#### Quick Transformer lol

In [2]:
import torch
import torch.nn as nn

neurons = nn.Linear(1,2)

embedding = nn.Embedding(10, 3)

print(neurons.weight)



Parameter containing:
tensor([[-0.6635],
        [-0.8240]], requires_grad=True)


In [3]:
# an Embedding matrix of 10 embeddings with 3 dimensions each
embedding = nn.Embedding(10, 3)

# a batch of 2 samples of 1 index each
input = torch.LongTensor([[9],[0]])

print('THE INPUTS \n',input)

# what does the embedding matrix look like?
print('THE EMBEDDING MATRIX \n',embedding.weight)

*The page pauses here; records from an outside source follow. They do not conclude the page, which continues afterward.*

(* Let $A$ be a Noetherian integral domain with fraction field $K$, $M$ a finitely generated torsion-free $A$-module, $V=K\otimes_A M$ with $\dim_K V=n\ge 2$. Let $E(M\setminus\{0\})$ be the simplicial complex of all nonempty finite subsets of $M\setminus\{0\}$ and $E^*(M)$ its subcomplex of subsets of rank $<n$. Let $C_p(E(M\setminus\{0\}))$ be the free abelian group on ordered tuples $(v_0,\dots,v_p)$ of elements of $M\setminus\{0\}$ (ordered simplicial chains, with the usual alternating-sum boundary), $C_p(E^*(M))$ the subcomplex spanned by tuples of rank $<n$, and $\bar C_*=C_*(E(M\setminus\{0\}))/C_*(E^*(M))$. Then $\bar C_p=0$ for $p<n-1$, so every element of $\bar C_{n-1}$ is a cycle; composing the resulting map $\bar C_{n-1}\to H_{n-1}(\bar C_* )$ with the connecting homomorphism $H_{n-1}(\bar C_* )\to H_{n-2}(E^*(M))$, the inverse of the canonical subdivision isomorphism $H_{n-2}(\operatorname{sd}E^*(M))\xrightarrow{\sim}H_{n-2}(E^*(M))$, and the map $H_{n-2}(\operatorname{sd}E^*(M))\to H_{n-2}(T(V))=\operatorname{St}(V)$ induced by the simplicial map $\operatorname{sd}E^*(M)\to T(V)$ sending a vertex $Y$ of $\operatorname{sd}E^*(M)$ (a simplex of $E^*(M)$) to the $K$-span of $Y$, one obtains a homomorphism $\operatorname{ar}:\bar C_{n-1}\to \operatorname{St}(V)$ (with image in $\widetilde{\operatorname{St}}(V)$). Then for every $n$-tuple $Q=(v_0,\dots,v_{n-1})$ of elements of $M\setminus\{0\}$ spanning $V$, $\operatorname{ar}(Q)$ equals the universal modular symbol $[v_0,\dots,v_{n-1}]$.
   Context: The rank of a subset of $M$ is the $K$-dimension of its span in $V$. $T(V)$ is the Tits building of $V$: vertices are nonzero proper subspaces of $V$, simplices are flags (nonempty chains under inclusion) of such subspaces; $\operatorname{St}(V)=H_{n-2}(T(V))$ is the Steinberg module, and $\widetilde{\operatorname{St}}(V)=\operatorname{St}(V)$ if $n>2$, while for $n=2$ it is the kernel of the augmentation $\operatorname{St}(V)=\mathbf{Z}[\text{lines of }V]\to\mathbf{Z}$ sending each line to $1$. For a simplicial complex $\Gamma$, $\operatorname{sd}\Gamma$ is its barycentric subdivision: vertices are the simplices of $\Gamma$, simplices are nonempty chains of simplices under inclusion; the subdivision isomorphism $H_*(\operatorname{sd}\Gamma)\cong H_*(\Gamma)$ is the canonical one, natural in $\Gamma$. Universal modular symbol: let $\Sigma_n$ be the simplicial complex whose vertices are the nonempty proper subsets of $\{0,\dots,n-1\}$ and whose simplices are chains of such subsets (the boundary of the barycentric subdivision of the simplex on $\{0,\dots,n-1\}$). Let $\zeta\in H_{n-2}(\Sigma_n)$ be the fundamental class given by the canonical orientation: the image under the connecting map of the class in $H_{n-1}$ of the subdivided simplex relative to its boundary corresponding to the oriented simplex $(0,1,\dots,n-1)$; for $n=2$ this is $\zeta=[\{1\}]-[\{0\}]$. For nonzero $v_0,\dots,v_{n-1}\in V$, let $\phi_Q:\Sigma_n\to T(V)$ send a vertex $I$ to the span of $\{v_i:i\in I\}$ (a simplicial map when the $v_i$ span $V$), and $[v_0,\dots,v_{n-1}]:=(\phi_Q)_*\zeta\in\operatorname{St}(V)$. *)

theory Defs
  imports Complex_Main "HOL-Computational_Algebra.Fraction_Field"
begin

definition is_ideal :: "'a::comm_ring_1 set \<Rightarrow> bool" where
  "is_ideal I \<longleftrightarrow> 0 \<in> I \<and> (\<forall>x\<in>I. \<forall>y\<in>I. x + y \<in> I) \<and> (\<forall>r. \<forall>x\<in>I. r * x \<in> I)"

definition noetherian_ring :: "'a::comm_ring_1 itself \<Rightarrow> bool" where
  "noetherian_ring _ \<longleftrightarrow> (\<forall>I::'a set. is_ideal I \<longrightarrow>
     (\<exists>G. finite G \<and> G \<subseteq> I \<and> I = {\<Sum>g\<in>G. c g * g | c. True}))"

text \<open>A finitely generated A-submodule M of a K-vector space (K = Frac A, scalars of A
  acting through the embedding a \<mapsto> Fract a 1).\<close>
definition fg_A_submodule :: "('a::idom fract \<Rightarrow> 'v::ab_group_add \<Rightarrow> 'v) \<Rightarrow> 'v set \<Rightarrow> bool" where
  "fg_A_submodule scale M \<longleftrightarrow>
     0 \<in> M \<and> (\<forall>x\<in>M. \<forall>y\<in>M. x + y \<in> M) \<and> (\<forall>a. \<forall>x\<in>M. scale (Fract a 1) x \<in> M) \<and>
     (\<exists>G. finite G \<and> G \<subseteq> M \<and> M = {\<Sum>g\<in>G. scale (Fract (c g) 1) g | c. True})"

text \<open>A simplicial complex is given by its set of simplices (nonempty finite vertex sets).
  Ordered p-chains: finitely supported integer functions on (p+1)-tuples (lists) whose
  underlying vertex set is a simplex.\<close>

type_synonym 'w chain = "'w list \<Rightarrow> int"

definition supp :: "'w chain \<Rightarrow> 'w list set" where
  "supp c = {s. c s \<noteq> 0}"

definition chains :: "'w set set \<Rightarrow> nat \<Rightarrow> 'w chain set" where
  "chains X p = {c. finite (supp c) \<and> (\<forall>s\<in>supp c. length s = Suc p \<and> set s \<in> X)}"

definition del :: "nat \<Rightarrow> 'w list \<Rightarrow> 'w list" where
  "del i s = take i s @ drop (Suc i) s"

text \<open>Alternating-sum boundary (unaugmented: the boundary of a 0-chain is 0).\<close>
definition bd :: "'w chain \<Rightarrow> 'w chain" where
  "bd c = (\<lambda>t. if t = [] then 0 else
      (\<Sum>s\<in>supp c. \<Sum>i<length s. if del i s = t then (-1) ^ i * c s else 0))"

definition cycles :: "'w set set \<Rightarrow> nat \<Rightarrow> 'w chain set" where
  "cycles X p = {c \<in> chains X p. bd c = (\<lambda>_. 0)}"

definition bdries :: "'w set set \<Rightarrow> nat \<Rightarrow> 'w chain set" where
  "bdries X p = bd ` chains X (Suc p)"

text \<open>Homology class of a p-cycle, as a coset of the boundaries; H_p(X) is the set of classes.\<close>
definition hcls :: "'w set set \<Rightarrow> nat \<Rightarrow> 'w chain \<Rightarrow> 'w chain set" where
  "hcls X p z = {(\<lambda>s. z s + b s) | b. b \<in> bdries X p}"

definition homology :: "'w set set \<Rightarrow> nat \<Rightarrow> 'w chain set set" where
  "homology X p = hcls X p ` cycles X p"

definition chain_map :: "('w \<Rightarrow> 'u) \<Rightarrow> 'w chain \<Rightarrow> 'u chain" where
  "chain_map f c = (\<lambda>t. \<Sum>s\<in>{s \<in> supp c. map f s = t}. c s)"

definition hmap :: "'u set set \<Rightarrow> nat \<Rightarrow> ('w \<Rightarrow> 'u) \<Rightarrow> 'w chain set \<Rightarrow> 'u chain set" where
  "hmap Y p f h = hcls Y p (chain_map f (SOME z. z \<in> h))"

text \<open>Relative chains: for a subcomplex X0 of X, the class of a p-chain x of X in
  H_p(C(X)/C(X0)), represented as the set x + C_p(X0) + bd C_(p+1)(X).\<close>
definition rel_cls :: "'w set set \<Rightarrow> 'w set set \<Rightarrow> nat \<Rightarrow> 'w chain \<Rightarrow> 'w chain set" where
  "rel_cls X X0 p x = {(\<lambda>s. x s + a s + bd b s) | a b. a \<in> chains X0 p \<and> b \<in> chains X (Suc p)}"

text \<open>Connecting homomorphism H_(p+1)(C(X)/C(X0)) \<rightarrow> H_p(X0): lift and take the boundary.\<close>
definition conn :: "'w set set \<Rightarrow> nat \<Rightarrow> 'w chain set \<Rightarrow> 'w chain set" where
  "conn X0 p h = hcls X0 p (bd (SOME x. x \<in> h))"

definition sd :: "'w set set \<Rightarrow> 'w set set set" where
  "sd X = {S. S \<noteq> {} \<and> finite S \<and> S \<subseteq> X \<and> (\<forall>A\<in>S. \<forall>B\<in>S. A \<subseteq> B \<or> B \<subseteq> A)}"

text \<open>The canonical isomorphism H_*(sd X) \<cong> H_*(X) is induced by any simplicial
  approximation of the identity, i.e. a vertex map sending a simplex Y to a vertex of Y.\<close>
definition sd_approx :: "'w set \<Rightarrow> 'w" where
  "sd_approx Y = (SOME y. y \<in> Y)"

text \<open>Canonical subdivision chain of an ordered simplex (cone construction
  sd(s) = [set s] * sd(bd s)).\<close>
primrec sdc :: "nat \<Rightarrow> 'w list \<Rightarrow> 'w set chain" where
  "sdc 0 s = (\<lambda>t. if t = [set s] then 1 else 0)"
| "sdc (Suc k) s = (\<lambda>t. case t of [] \<Rightarrow> 0
     | Y # t' \<Rightarrow> if Y = set s then (\<Sum>i<length s. (-1) ^ i * sdc k (del i s) t') else 0)"

definition sd_chain :: "'w list \<Rightarrow> 'w set chain" where
  "sd_chain s = sdc (length s - 1) s"

definition tits :: "('k::field \<Rightarrow> 'v::ab_group_add \<Rightarrow> 'v) \<Rightarrow> 'v set set set" where
  "tits scale = {F. F \<noteq> {} \<and> finite F \<and>
     (\<forall>W\<in>F. module.subspace scale W \<and> W \<noteq> {0} \<and> W \<noteq> UNIV) \<and>
     (\<forall>W1\<in>F. \<forall>W2\<in>F. W1 \<subseteq> W2 \<or> W2 \<subseteq> W1)}"

definition cplxE :: "'v::zero set \<Rightarrow> 'v set set" where
  "cplxE M = {S. S \<noteq> {} \<and> finite S \<and> S \<subseteq> M - {0}}"

definition cplxEstar :: "('k::field \<Rightarrow> 'v::ab_group_add \<Rightarrow> 'v) \<Rightarrow> 'v set \<Rightarrow> nat \<Rightarrow> 'v set set" where
  "cplxEstar scale M n = {S \<in> cplxE M. vector_space.dim scale S < n}"

definition tuple_chain :: "'w list \<Rightarrow> 'w chain" where
  "tuple_chain s = (\<lambda>t. if t = s then 1 else 0)"

text \<open>The map ar on the element Q of C-bar_(n-1):
  St(V) <- H_(n-2)(sd E*) <-(canonical iso)^-1- H_(n-2)(E*) <-conn- H_(n-1)(C-bar).\<close>
definition ar :: "('k::field \<Rightarrow> 'v::ab_group_add \<Rightarrow> 'v) \<Rightarrow> 'v set \<Rightarrow> nat \<Rightarrow> 'v list \<Rightarrow> 'v set chain set" where
  "ar scale M n Q =
     hmap (tits scale) (n - 2) (module.span scale)
       (THE c. c \<in> homology (sd (cplxEstar scale M n)) (n - 2) \<and>
          hmap (cplxEstar scale M n) (n - 2) sd_approx c =
          conn (cplxEstar scale M n) (n - 2)
            (rel_cls (cplxE M) (cplxEstar scale M n) (n - 1) (tuple_chain Q)))"

definition Sigma_cplx :: "nat \<Rightarrow> nat set set set" where
  "Sigma_cplx n = {S. S \<noteq> {} \<and> finite S \<and> (\<forall>I\<in>S. I \<noteq> {} \<and> I \<subset> {0..<n}) \<and>
     (\<forall>I\<in>S. \<forall>J\<in>S. I \<subseteq> J \<or> J \<subseteq> I)}"

text \<open>Fundamental class: connecting image of the class of the subdivided oriented simplex
  (0,...,n-1) relative to its boundary.\<close>
definition zeta :: "nat \<Rightarrow> nat set chain set" where
  "zeta n = hcls (Sigma_cplx n) (n - 2) (bd (sd_chain [0..<n]))"

definition modsym :: "('k::field \<Rightarrow> 'v::ab_group_add \<Rightarrow> 'v) \<Rightarrow> 'v list \<Rightarrow> 'v set chain set" where
  "modsym scale vs = hmap (tits scale) (length vs - 2)
      (\<lambda>I. module.span scale ((\<lambda>i. vs ! i) ` I)) (zeta (length vs))"

end

theory Submission
  imports Defs "HOL-Library.Function_Algebras"
begin

text \<open>The boundary of the ordered simplex Q is a cycle of E*(M), and it represents the
  connecting image of the class of Q. Under the subdivision isomorphism it corresponds to the
  class of the subdivided boundary of Q, since subdivision followed by the simplicial
  approximation Y \<mapsto> (a vertex of Y) is chain homotopic to the identity (and vice versa on
  the subdivision), both homotopies being built by the method of acyclic carriers. Mapping the
  subdivided boundary of Q to the Tits building by taking spans gives the same chain as
  transporting the subdivided boundary of the standard simplex along i \<mapsto> v_i, which is the
  universal modular symbol, by naturality of subdivision.\<close>

section \<open>Chains as finitely supported functions\<close>

abbreviation fin :: "'w chain \<Rightarrow> bool" where "fin c \<equiv> finite (supp c)"

lemma sum_fun_apply: "sum f I x = (\<Sum>i\<in>I. f i x)"
  by (induct I rule: infinite_finite_induct) auto

lemma supp_add: "supp (a + b) \<subseteq> supp a \<union> supp b"
  by (auto simp: supp_def)

lemma supp_diff: "supp (a - b) \<subseteq> supp a \<union> supp b"
  by (auto simp: supp_def)

lemma supp_zero [simp]: "supp 0 = {}"
  by (auto simp: supp_def)

lemma supp_scale: "supp (\<lambda>t. k * c t) \<subseteq> supp c"
  by (auto simp: supp_def)

lemma supp_sum: "supp (sum f I) \<subseteq> (\<Union>i\<in>I. supp (f i))"
  by (auto simp: supp_def sum_fun_apply elim!: sum.not_neutral_contains_not_neutral)

lemma fin_add [intro]: "fin a \<Longrightarrow> fin b \<Longrightarrow> fin (a + b)"
  by (meson finite_Un finite_subset supp_add)

lemma fin_diff [intro]: "fin a \<Longrightarrow> fin b \<Longrightarrow> fin (a - b)"
  by (meson finite_Un finite_subset supp_diff)

lemma fin_scale [intro]: "fin c \<Longrightarrow> fin (\<lambda>t. k * c t)"
  by (rule finite_subset[OF supp_scale])

lemma fin_sum [intro]: "finite I \<Longrightarrow> (\<And>i. i \<in> I \<Longrightarrow> fin (f i)) \<Longrightarrow> fin (sum f I)"
  by (rule finite_subset[OF supp_sum]) auto

lemma supp_tuple_chain: "supp (tuple_chain s) = {s}"
  by (auto simp: supp_def tuple_chain_def)

lemma fin_tuple_chain [simp]: "fin (tuple_chain s)"
  by (simp add: supp_tuple_chain)

definition lin :: "('w list \<Rightarrow> 'u chain) \<Rightarrow> 'w chain \<Rightarrow> 'u chain" where
  "lin f c = (\<lambda>t. \<Sum>s\<in>supp c. c s * f s t)"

# what is the result of the input embedding?
print('EMBEDDINGS FOR THE GIVEN INPUTS \n',embedding(input))

THE INPUTS 
 tensor([[9],
        [0]])
THE EMBEDDING MATRIX 
 Parameter containing:
tensor([[-0.4110,  0.1662, -0.9450],
        [-1.6423,  0.0504,  0.6597],
        [ 1.4175,  0.9239, -0.4107],
        [-0.6651, -0.2545, -0.5963],
        [-0.1035, -1.2211, -0.0064],
        [ 2.5755,  0.9422, -0.7656],
        [ 0.1951, -0.7598, -0.2173],
        [ 0.9963,  1.1018, -0.2662],
        [ 1.3772,  0.9599, -1.0536],
        [-0.4803,  1.0032, -1.4466]], requires_grad=True)
EMBEDDINGS FOR THE GIVEN INPUTS 
 tensor([[[-0.4803,  1.0032, -1.4466]],

        [[-0.4110,  0.1662, -0.9450]]], grad_fn=<EmbeddingBackward0>)

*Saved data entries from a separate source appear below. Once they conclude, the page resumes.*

(* Let $n\geq1$, $\sigma_0>0$ and $0<\gamma<1$. Suppose that for each $0<\sigma\leq\sigma_0$ and each $0<\alpha<1$ a symmetric Markov kernel $K^\sigma_\alpha$ on $\mathbb{R}^n$ is given with $K^\sigma_\alpha\in\mathcal{S}(\sigma,\alpha)$ and $K^\sigma_\alpha\in\mathcal{H}\bigl(\gamma,\bigl(\tfrac{1+\gamma}{1-\gamma}\bigr)^{n+\sigma}\bigr)$. Then the operator \[\mathcal{K}^{**}f(x)=\sup_{0<\alpha<1,\ 0<\sigma\leq\sigma_0}\left|\int_{\mathbb{R}^n}K^\sigma_\alpha(x,z)f(z)\,dz\right|\] is of weak type $(1,1)$ and bounded on $L^p(\mathbb{R}^n)$ for $1<p\leq\infty$.
   Context: A symmetric Markov kernel on $\mathbb{R}^n$ is a nonnegative measurable function $K$ on $\mathbb{R}^n\times\mathbb{R}^n$ with $K(x,z)=K(z,x)$ and $\int_{\mathbb{R}^n}K(x,z)\,dz=1$ for every $x$. For $0<\gamma<1$ and $H\geq1$, $K\in\mathcal{H}(\gamma,H)$ means that for every $x\in\mathbb{R}^n$ and every $\xi\neq x$, $\sup_{z\in B(\xi,\gamma|x-\xi|)}K(x,z)\leq H\inf_{z\in B(\xi,\gamma|x-\xi|)}K(x,z)$. $K\in\mathcal{S}(\sigma,\alpha)$ means $\lim_{|x-z|\to\infty}|x-z|^{n+\sigma}K(x,z)=\alpha$. *)

theory Defs
  imports "HOL-Analysis.Analysis"
begin

text \<open>Symmetric Markov kernel on R^n (R^n rendered as a Euclidean space 'a, n = DIM('a)).\<close>
definition sym_markov_kernel :: "('a::euclidean_space \<Rightarrow> 'a \<Rightarrow> real) \<Rightarrow> bool" where
  "sym_markov_kernel K \<longleftrightarrow>
     (\<lambda>(x, z). K x z) \<in> borel_measurable borel \<and>
     (\<forall>x z. 0 \<le> K x z) \<and>
     (\<forall>x z. K x z = K z x) \<and>
     (\<forall>x. (\<integral>\<^sup>+ z. ennreal (K x z) \<partial>lborel) = 1)"

text \<open>Class H(gamma, H): sup over the ball is at most H times the inf over the ball
  (written out pairwise).\<close>
definition kernel_H :: "real \<Rightarrow> real \<Rightarrow> ('a::euclidean_space \<Rightarrow> 'a \<Rightarrow> real) \<Rightarrow> bool" where
  "kernel_H \<gamma> H K \<longleftrightarrow>
     (\<forall>x \<xi>. \<xi> \<noteq> x \<longrightarrow>
        (\<forall>z1 \<in> ball \<xi> (\<gamma> * dist x \<xi>). \<forall>z2 \<in> ball \<xi> (\<gamma> * dist x \<xi>). K x z1 \<le> H * K x z2))"

definition kernel_S :: "real \<Rightarrow> real \<Rightarrow> ('a::euclidean_space \<Rightarrow> 'a \<Rightarrow> real) \<Rightarrow> bool" where
  "kernel_S \<sigma> \<alpha> K \<longleftrightarrow>
     (\<forall>\<epsilon>>0. \<exists>R. \<forall>x z. R < dist x z \<longrightarrow>
        \<bar>dist x z powr (real DIM('a) + \<sigma>) * K x z - \<alpha>\<bar> < \<epsilon>)"

definition max_op :: "real \<Rightarrow> (real \<Rightarrow> real \<Rightarrow> 'a::euclidean_space \<Rightarrow> 'a \<Rightarrow> real)
    \<Rightarrow> ('a \<Rightarrow> real) \<Rightarrow> 'a \<Rightarrow> ennreal" where
  "max_op \<sigma>0 K f x =
     (SUP (\<alpha>, \<sigma>) \<in> {0<..<1} \<times> {0<..\<sigma>0}. ennreal \<bar>\<integral> z. K \<sigma> \<alpha> x z * f z \<partial>lborel\<bar>)"

text \<open>Outer Lebesgue measure (the level sets of the maximal operator need not be known
  to be measurable a priori).\<close>
definition outer_leb :: "'a::euclidean_space set \<Rightarrow> ennreal" where
  "outer_leb S = (INF A \<in> {A \<in> sets lborel. S \<subseteq> A}. emeasure lborel A)"

definition upper_nn_integral :: "('a::euclidean_space \<Rightarrow> ennreal) \<Rightarrow> ennreal" where
  "upper_nn_integral g =
     (INF h \<in> {h \<in> borel_measurable lborel. \<forall>x. g x \<le> h x}. \<integral>\<^sup>+ x. h x \<partial>lborel)"

definition weak_type_11 :: "(('a::euclidean_space \<Rightarrow> real) \<Rightarrow> 'a \<Rightarrow> ennreal) \<Rightarrow> bool" where
  "weak_type_11 T \<longleftrightarrow> (\<exists>C::real. 0 \<le> C \<and>
     (\<forall>f. integrable lborel f \<longrightarrow> (\<forall>t::real. 0 < t \<longrightarrow>
        ennreal t * outer_leb {x. ennreal t < T f x}
          \<le> ennreal C * (\<integral>\<^sup>+ z. ennreal \<bar>f z\<bar> \<partial>lborel))))"

definition bounded_Lp :: "real \<Rightarrow> (('a::euclidean_space \<Rightarrow> real) \<Rightarrow> 'a \<Rightarrow> ennreal) \<Rightarrow> bool" where
  "bounded_Lp p T \<longleftrightarrow> (\<exists>C::real. 0 \<le> C \<and>
     (\<forall>f. f \<in> borel_measurable lborel \<longrightarrow>
          (\<integral>\<^sup>+ z. ennreal (\<bar>f z\<bar> powr p) \<partial>lborel) < \<infinity> \<longrightarrow>
          upper_nn_integral (\<lambda>x. if T f x = \<infinity> then \<infinity> else ennreal (enn2real (T f x) powr p))
            \<le> ennreal (C powr p) * (\<integral>\<^sup>+ z. ennreal (\<bar>f z\<bar> powr p) \<partial>lborel)))"

definition bounded_Linf :: "(('a::euclidean_space \<Rightarrow> real) \<Rightarrow> 'a \<Rightarrow> ennreal) \<Rightarrow> bool" where
  "bounded_Linf T \<longleftrightarrow> (\<exists>C::real. 0 \<le> C \<and>
     (\<forall>f M. f \<in> borel_measurable lborel \<longrightarrow> (AE z in lborel. \<bar>f z\<bar> \<le> M) \<longrightarrow>
          (AE x in lborel. T f x \<le> ennreal (C * M))))"

end

theory Submission
  imports Defs
begin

notes on nn.Embedding in the Bigram Language Model

the embedding module creates a lookup table with a configurable number of rows and columns. 
- number of rows is the number of unique words in the vocabulary,
- columns is the size of the word embeddings.

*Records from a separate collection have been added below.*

(* Let $m,n\ge1$ and let $A\in\{0,1\}^{m\times n}$ have exactly three ones in each row. Each of the following four subsets of $\mathrm{NPadj}(A)$ is the vertex set of a face of $\operatorname{conv}(\mathrm{NPadj}(A))$, and its convex hull is affinely equivalent to $\operatorname{conv}(\mathrm{Part}(A))$: - $F_1=\{x\in\mathrm{NPadj}(A): y_1=0,y_2=1,y_3=1\}$; - $F_2=\{x\in\mathrm{NPadj}(A): y_1=1,y_2=0,y_3=1\}$; - $F_3=\{x\in\mathrm{NPadj}(A): y_1=0,y_2=1,y_3=0\}$; - $F_4=\{x\in\mathrm{NPadj}(A): y_1=1,y_2=0,y_3=0\}$. In particular, $\mathrm{Part}(A)\le_a\mathrm{NPadj}(A)$.
   Context: **Definition of $\mathrm{NPadj}(A)$.** Let $m,n\ge1$ and let $A\in\{0,1\}^{m\times n}$ have exactly three ones in each row. Index the coordinates of $\mathbb{R}^{3n+3}$ by $y_1,y_2,y_3$ and by $x_j,\bar x_j,x'_j$ for $j\in[n]=\{1,\dots,n\}$. Then $\mathrm{NPadj}(A)$ is the set of vectors in $\{0,1\}^{3n+3}$ satisfying: - $x_j+\bar x_j=1$ for all $j\in[n]$; - $y_1+y_2+x'_j+\bar x_j=2$ for all $j\in[n]$; - for each row of $A$, with ones in columns $i<j<k$, the equation $y_3+x_i+x'_j+x'_k=2$. **Partition polytope.** $\mathrm{Part}(A)=\{z\in\{0,1\}^n: Az=\mathbf 1\}$. **Affine reduction of polytopes.** For finite sets $P,Q$ of 0/1 vectors, $P\le_a Q$ means: there is an affine map $\alpha$ on $\operatorname{conv}(P)$, injective there, such that $\alpha(\operatorname{conv}(P))$ is a face (possibly improper) of $\operatorname{conv}(Q)$. *)

theory Defs
  imports "HOL-Analysis.Analysis"
begin

text \<open>Coordinates of the ambient space of NPadj(A): y1,y2,y3 and x_j, xbar_j, x'_j
  for each column j.  With n = CARD('c) this is a set of 3n+3 coordinates.\<close>
datatype 'c coord = Y1 | Y2 | Y3 | X 'c | Xbar 'c | Xp 'c

lemma UNIV_coord: "(UNIV :: 'c coord set) =
   {Y1, Y2, Y3} \<union> range X \<union> range Xbar \<union> range Xp"
  by (auto intro: coord.exhaust)

instance coord :: (finite) finite
  by standard (simp add: UNIV_coord)

definition Part :: "real ^ 'c ^ 'r \<Rightarrow> (real ^ 'c) set" where
  "Part A = {z. (\<forall>j. z $ j \<in> {0, 1}) \<and> A *v z = 1}"

definition NPadj :: "real ^ ('c::{finite,linorder}) ^ 'r \<Rightarrow> (real ^ 'c coord) set" where
  "NPadj A = {v. (\<forall>k. v $ k \<in> {0, 1})
      \<and> (\<forall>j. v $ X j + v $ Xbar j = 1)
      \<and> (\<forall>j. v $ Y1 + v $ Y2 + v $ Xp j + v $ Xbar j = 2)
      \<and> (\<forall>r i j k. i < j \<and> j < k \<and> A $ r $ i = 1 \<and> A $ r $ j = 1 \<and> A $ r $ k = 1
            \<longrightarrow> v $ Y3 + v $ X i + v $ Xp j + v $ Xp k = 2)}"

definition NPadj_sub :: "real ^ ('c::{finite,linorder}) ^ 'r \<Rightarrow> real \<Rightarrow> real \<Rightarrow> real \<Rightarrow> (real ^ 'c coord) set" where
  "NPadj_sub A a b c = {v \<in> NPadj A. v $ Y1 = a \<and> v $ Y2 = b \<and> v $ Y3 = c}"

definition affine_map :: "('a::real_vector \<Rightarrow> 'b::real_vector) \<Rightarrow> bool" where
  "affine_map f \<longleftrightarrow> (\<exists>L b. linear L \<and> (\<forall>x. f x = L x + b))"

definition aff_equiv :: "'a::real_vector set \<Rightarrow> 'b::real_vector set \<Rightarrow> bool" where
  "aff_equiv S T \<longleftrightarrow> (\<exists>f. affine_map f \<and> inj_on f S \<and> f ` S = T)"

definition aff_reduces :: "'a::real_vector set \<Rightarrow> 'b::real_vector set \<Rightarrow> bool" where
  "aff_reduces P Q \<longleftrightarrow> (\<exists>\<alpha>. affine_map \<alpha> \<and> inj_on \<alpha> (convex hull P)
       \<and> (\<alpha> ` (convex hull P)) face_of (convex hull Q))"

end

theory Submission
  imports Defs
begin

 The embedding module is initialized with random values, and the embeddings are learned during training.

 

#### Import the dataset

In [4]:
with open('input.txt','r', encoding='utf-8') as f:
    text = f.read()


In [5]:
print('the length of the text is ',len(text))
print(text[:200])

the length of the text is  1115394
First Citizen:
Before we proceed any further, hear me speak.

All:
Speak, speak.

First Citizen:
You are all resolved rather to die than to famish?

All:
Resolved. resolved.

First Citizen:
First, you


## OK

embedding layer is a lookup table, 

- input to the embedding layer is a list of indices
- output is a list of word (token) embeddings.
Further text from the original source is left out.